03 ноября 1940 года, 09 часов 50 минут.
— Гейнц, да ты же пьян, скотина! — с командира отделения, обергефрайтера Рудольфа фон Карлова в настоящий момент можно было бы писать картину «Совесть в изумлении».
— Ничего подобного, Руди, у меня румынский национальный праздник, похмелянды, — не согласился с другом и командиром Генка, отрицательно мотнул головой и тут же со стоном ухватился за нее. — Vaschu Maschu, что ж так погано-то?
— Нет, ты как в таком состоянии собираешься воевать? — изумился обергефрайтер.
— А ты думаешь, что в таком состоянии можно жить мирно? — Кудрин ответил страдальческим взглядом. — А вообще-то у меня отпуск, ох…
— Забудь о нем. Утром началось наступление противника по всему фронту, к обеду все отпуска отменят.

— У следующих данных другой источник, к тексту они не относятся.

(* Let $c>0$ and let $\Phi:[0,\infty)\to\mathbb{R}$ be the Gneiting function $$\Phi(r)=\left(1-\frac{r}{c}\right)_+^{5}\left(1+5\frac{r}{c}-27\left(\frac{r}{c}\right)^2\right).$$ Let $\mathbf{p}\in\mathbb{R}^2$, $\Delta_x,\Delta_y\in\mathbb{R}$, and define $\mathbf{H}=(H_1,H_2):\mathbb{R}^2\to\mathbb{R}^2$ by $$H_1(x,y)=x+\Delta_x\,\Phi(\|(x,y)-\mathbf{p}\|),\qquad H_2(x,y)=y+\Delta_y\,\Phi(\|(x,y)-\mathbf{p}\|),$$ where $\|\cdot\|$ is the Euclidean norm. Let $\Delta=\max(|\Delta_x|,|\Delta_y|)$. If $c>4.43\sqrt{2}\,\Delta$ (approximately $c>6.26\,\Delta$), then the Jacobian determinant $$\det J(x,y)=1+\Delta_x\frac{\partial}{\partial x}\Phi(\|(x,y)-\mathbf{p}\|)+\Delta_y\frac{\partial}{\partial y}\Phi(\|(x,y)-\mathbf{p}\|)$$ is strictly positive at every point $(x,y)\in\mathbb{R}^2$.
   Context: $(t)_+=\max(t,0)$ denotes the truncated power function. The map $\mathbf{H}$ is the one-landmark transformation shifting the source landmark $\mathbf{p}$ to the target landmark $\mathbf{p}+(\Delta_x,\Delta_y)$; positivity of the Jacobian determinant everywhere is the criterion used for topology preservation. *)

theory Defs
  imports "HOL-Analysis.Analysis"
begin

definition tpos :: "real \<Rightarrow> real" where
  "tpos t = max t 0"

definition gneiting :: "real \<Rightarrow> real \<Rightarrow> real" where
  "gneiting c r = (tpos (1 - r / c)) ^ 5 * (1 + 5 * (r / c) - 27 * (r / c)^2)"

end

(* The Jacobian determinant of H at a point at distance R from p equals
   1 + (dx (x - p1) + dy (y - p2)) \<Phi>'(R) / R.  The numerator of the perturbation is at most
   sqrt 2 max(|dx|, |dy|) R, and |\<Phi>'(R)| \<le> 4.43 / c because the derivative
   21 t (9 t - 4) (1 - t)^4 of the normalised profile stays within [-4.43, 4.43] on [0, 1]
   (checked by nonnegative Bernstein coefficients on a subdivision).  So the perturbation has
   absolute value below 4.43 sqrt 2 max(|dx|, |dy|) / c < 1. *)

theory Submission
  imports Defs
begin
text \<open>rho_{0r} : V_0 -> H_0(VR_r(X)) (free on components), sending x to its component.\<close>
definition rho0 :: "'a set \<Rightarrow> ('a \<Rightarrow> 'a \<Rightarrow> real) \<Rightarrow> real \<Rightarrow> ('a \<Rightarrow> bit) \<Rightarrow> ('a set \<Rightarrow> bit)" where
  "rho0 X d r v = (\<lambda>C. if C \<in> vr_components X d r then (\<Sum>x\<in>C. v x) else 0)"

definition ker_plus :: "'a set \<Rightarrow> ('a \<Rightarrow> 'a \<Rightarrow> real) \<Rightarrow> real \<Rightarrow> ('a \<Rightarrow> bit) set" where
  "ker_plus X d b = {v \<in> chains0 X. rho0 X d b v = 0}"

definition ker_minus :: "'a set \<Rightarrow> ('a \<Rightarrow> 'a \<Rightarrow> real) \<Rightarrow> real \<Rightarrow> ('a \<Rightarrow> bit) set" where
  "ker_minus X d b = (\<Union>r\<in>{0..<b}. ker_plus X d r)"

text \<open>Multiplicity of bars [0,b) in the barcode of PH_0(X):
  the drop in rank of rho_{0r} at r = b, i.e. dim ker^+_b - dim ker^-_b.\<close>
definition bar_mult :: "'a set \<Rightarrow> ('a \<Rightarrow> 'a \<Rightarrow> real) \<Rightarrow> real \<Rightarrow> nat" where
  "bar_mult X d b = (if b > 0 then dimZ2 (ker_plus X d b) - dimZ2 (ker_minus X d b) else 0)"

definition bar_set :: "'a set \<Rightarrow> ('a \<Rightarrow> 'a \<Rightarrow> real) \<Rightarrow> real set" where
  "bar_set X d = {b. 0 < b \<and> 0 < bar_mult X d b}"

definition Rep :: "real set \<Rightarrow> (real \<Rightarrow> nat) \<Rightarrow> (real \<times> nat) set" where
  "Rep S m = {(s, l). s \<in> S \<and> 1 \<le> l \<and> l \<le> m s}"

definition f0 :: "'a set \<Rightarrow> ('a \<Rightarrow> 'b) \<Rightarrow> ('a \<Rightarrow> bit) \<Rightarrow> ('b \<Rightarrow> bit)" where
  "f0 X f v = (\<lambda>z. \<Sum>x\<in>{x\<in>X. f x = z}. v x)"

definition Mf :: "'a set \<Rightarrow> ('a \<Rightarrow> 'a \<Rightarrow> real) \<Rightarrow> 'b set \<Rightarrow> ('b \<Rightarrow> 'b \<Rightarrow> real)
    \<Rightarrow> ('a \<Rightarrow> 'b) \<Rightarrow> real \<Rightarrow> real \<Rightarrow> nat" where
  "Mf X dX Z dZ f a b =
     quot_dim (f0 X f ` ker_plus X dX a \<inter> ker_plus Z dZ b)
              (spanZ2 ((f0 X f ` ker_minus X dX a \<inter> ker_plus Z dZ b)
                       \<union> (f0 X f ` ker_plus X dX a \<inter> ker_minus Z dZ b)))"

end

(*
  M^0_f(a,b) is the dimension of a quotient of f_0(ker^+_a V) \<inter> ker^+_b U. By the Grassmann
  formula it is the second difference, over the rectangle (a_-, a] \<times> (b_-, b] between consecutive
  critical radii, of meet_dim r s = dim (f_0(ker^+_r V) \<inter> ker^+_s U). Summing over b therefore
  telescopes to dim ker^+_a V - dim ker^+_{a_-} V = m^V(a): f_0 is injective, and beyond the
  diameter of Z the kernel ker^+_s U consists of all chains with coefficient sum 0, a sum that f_0
  preserves. Summing over a telescopes to meet_dim r b - meet_dim r b_- for r beyond the diameter
  of X, which the Grassmann formula bounds by dim ker^+_b U - dim ker^+_{b_-} U = m^U(b). A
  nonnegative integer matrix with these row sums and column bounds is realised by an injection
  between bar representatives.
*)

theory Submission
  imports Defs
begin

section \<open>Dimensions of finite subspaces\<close>

text \<open>The library's \<open>dim_sums_Int\<close> and \<open>dim_image_eq\<close> live in finite-dimensional
  ambient spaces, which the spaces \<open>'a \<Rightarrow> bit\<close> of chains are not; here finiteness is
  assumed of the subspaces instead.\<close>

context vector_space
begin

lemma dim_subset_finite:
  assumes "S \<subseteq> T" "finite T"
  shows "dim S \<le> dim T"
proof -
  obtain B where "B \<subseteq> T" "independent B" "T \<subseteq> span B" "card B = dim T"
    by (rule basis_exists)
  with assms show ?thesis
    using dim_le_card[of S B] finite_subset by fastforce
qed

lemma independent_Un_Diff_spanning_Int:
  assumes A: "subspace A" and B: "subspace B" and C: "A \<inter> B \<subseteq> span C"
    and CA: "CA \<subseteq> A" "independent CA"
    and CB: "C \<subseteq> CB" "CB \<subseteq> B" "independent CB" "finite CB"
  shows "independent (CA \<union> (CB - C))" and "CA \<inter> (CB - C) = {}"
proof -
  have not_in_span: "x \<notin> span (CA \<union> T)" if x: "x \<in> CB - C" and T: "T \<subseteq> CB - C - {x}" for x T
  proof
    assume "x \<in> span (CA \<union> T)"
    then obtain a t where xat: "x = a + t" and a: "a \<in> span CA" and t: "t \<in> span T"
      unfolding span_Un by blast
    have "x \<in> span CB" "t \<in> span CB"
      using x T t span_mono[of T CB] span_base[of x CB] by auto
    then have "a \<in> B"
      using xat span_diff[of x CB t] span_minimal[OF CB(2) B] by force
    moreover have "a \<in> A"
      using a span_minimal[OF CA(1) A] by blast
    ultimately have "x \<in> span (C \<union> T)"
      using xat t C unfolding span_Un by blast
    moreover have "C \<union> T \<subseteq> CB - {x}"
      using x T CB by blast
    ultimately have "x \<in> span (CB - {x})"
      using span_mono by blast
    with x CB show False
      unfolding dependent_def by blast
  qed
  have "independent (CA \<union> T)" if "T \<subseteq> CB - C" for T
    using finite_subset[OF that finite_Diff[OF CB(4)]] that
  proof (induction T rule: finite_induct)
    case (insert x T)
    then show ?case
      using not_in_span[of x T] independent_insertI[of x "CA \<union> T"] by auto
  qed (use CA in simp)
  then show "independent (CA \<union> (CB - C))"
    by blast
  show "CA \<inter> (CB - C) = {}"
    using not_in_span[of _ "{}"] span_base by blast
qed

lemma dim_span_Un_Int:
  assumes A: "subspace A" and B: "subspace B" and "finite A" "finite B"
  shows "dim (span (A \<union> B)) + dim (A \<inter> B) = dim A + dim B"
proof -
  obtain C where C: "C \<subseteq> A \<inter> B" "independent C" "A \<inter> B \<subseteq> span C" "card C = dim (A \<inter> B)"
    using basis_exists by blast
  obtain CA where CA: "C \<subseteq> CA" "CA \<subseteq> A" "independent CA" "A \<subseteq> span CA"
    using maximal_independent_subset_extend[of C A] C by blast
  obtain CB where CB: "C \<subseteq> CB" "CB \<subseteq> B" "independent CB" "B \<subseteq> span CB"
    using maximal_independent_subset_extend[of C B] C by blast
  have fin: "finite CA" "finite CB"
    using CA(2) CB(2) assms(3,4) by (auto intro: finite_subset)
  note basis = independent_Un_Diff_spanning_Int[OF A B C(3) CA(2,3) CB(1-3) fin(2)]
  have "span (CA \<union> (CB - C)) = span (A \<union> B)"
  proof
    show "span (CA \<union> (CB - C)) \<subseteq> span (A \<union> B)"
      using CA CB by (intro span_mono) blast
    have "A \<union> B \<subseteq> span (CA \<union> (CB - C))"
      using CA CB span_mono[of CA "CA \<union> (CB - C)"] span_mono[of CB "CA \<union> (CB - C)"] by blast
    then show "span (A \<union> B) \<subseteq> span (CA \<union> (CB - C))"
      using span_minimal subspace_span by blast
  qed
  then have "dim (span (A \<union> B)) = card (CA \<union> (CB - C))"
    using dim_eq_card_independent[OF basis(1)] by (metis dim_span)
  also have "\<dots> = card CA + (card CB - card C)"
    using basis(2) fin finite_subset[OF CB(1) fin(2)] CB(1) by (simp add: card_Un_disjoint card_Diff_subset)
  finally have "dim (span (A \<union> B)) = card CA + (card CB - card C)" .
  moreover have "card C \<le> card CB"
    using CB(1) fin(2) by (rule card_mono[rotated])
  moreover have "card CA = dim A" "card CB = dim B"
    using CA CB basis_card_eq_dim by auto
  ultimately show ?thesis
    using C by linarith
qed

lemma dim_zero_space: "dim {0} = 0"
  by (metis dim_span span_empty dim_eq_card_independent independent_empty card.empty)

lemma dim_Int_diff_le:
  assumes "subspace S" "subspace K" "subspace K'" "K' \<subseteq> K" "finite K"
  shows "dim (S \<inter> K) - dim (S \<inter> K') \<le> dim K - dim K'"
proof -
  have "S \<inter> K \<inter> K' = S \<inter> K'"
    using assms by blast
  then have "dim (S \<inter> K \<union> K') + dim (S \<inter> K') = dim (S \<inter> K) + dim K'"
    using dim_span_Un_Int[of "S \<inter> K" K'] assms by (simp add: subspace_inter finite_subset)
  moreover have "dim (S \<inter> K \<union> K') \<le> dim K"
    using dim_subset_finite[of "S \<inter> K \<union> K'" K] assms by auto
  ultimately show ?thesis
    by linarith
qed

— К обеду я отлежусь уже. У нас учитель труда в интернате, если с вечера хорошо выпивал, всегда до обеда дрых, а потом был бодрый как огурчик, — сидевший на полу Генка прислонил голову к стене и, прикрыв глаза, зевнул. — А пока не мешай мне, ладно? Разбудишь, когда отпуск отменят.
— Засранец, — Рудольф покачал головой. — Форменный. На кровать-то ляг, позорище вермахта.
— Не вермахта, а Абвера, — пробормотал Кудрин. — И когда я лежу, меня мутит. А так ничего, вроде…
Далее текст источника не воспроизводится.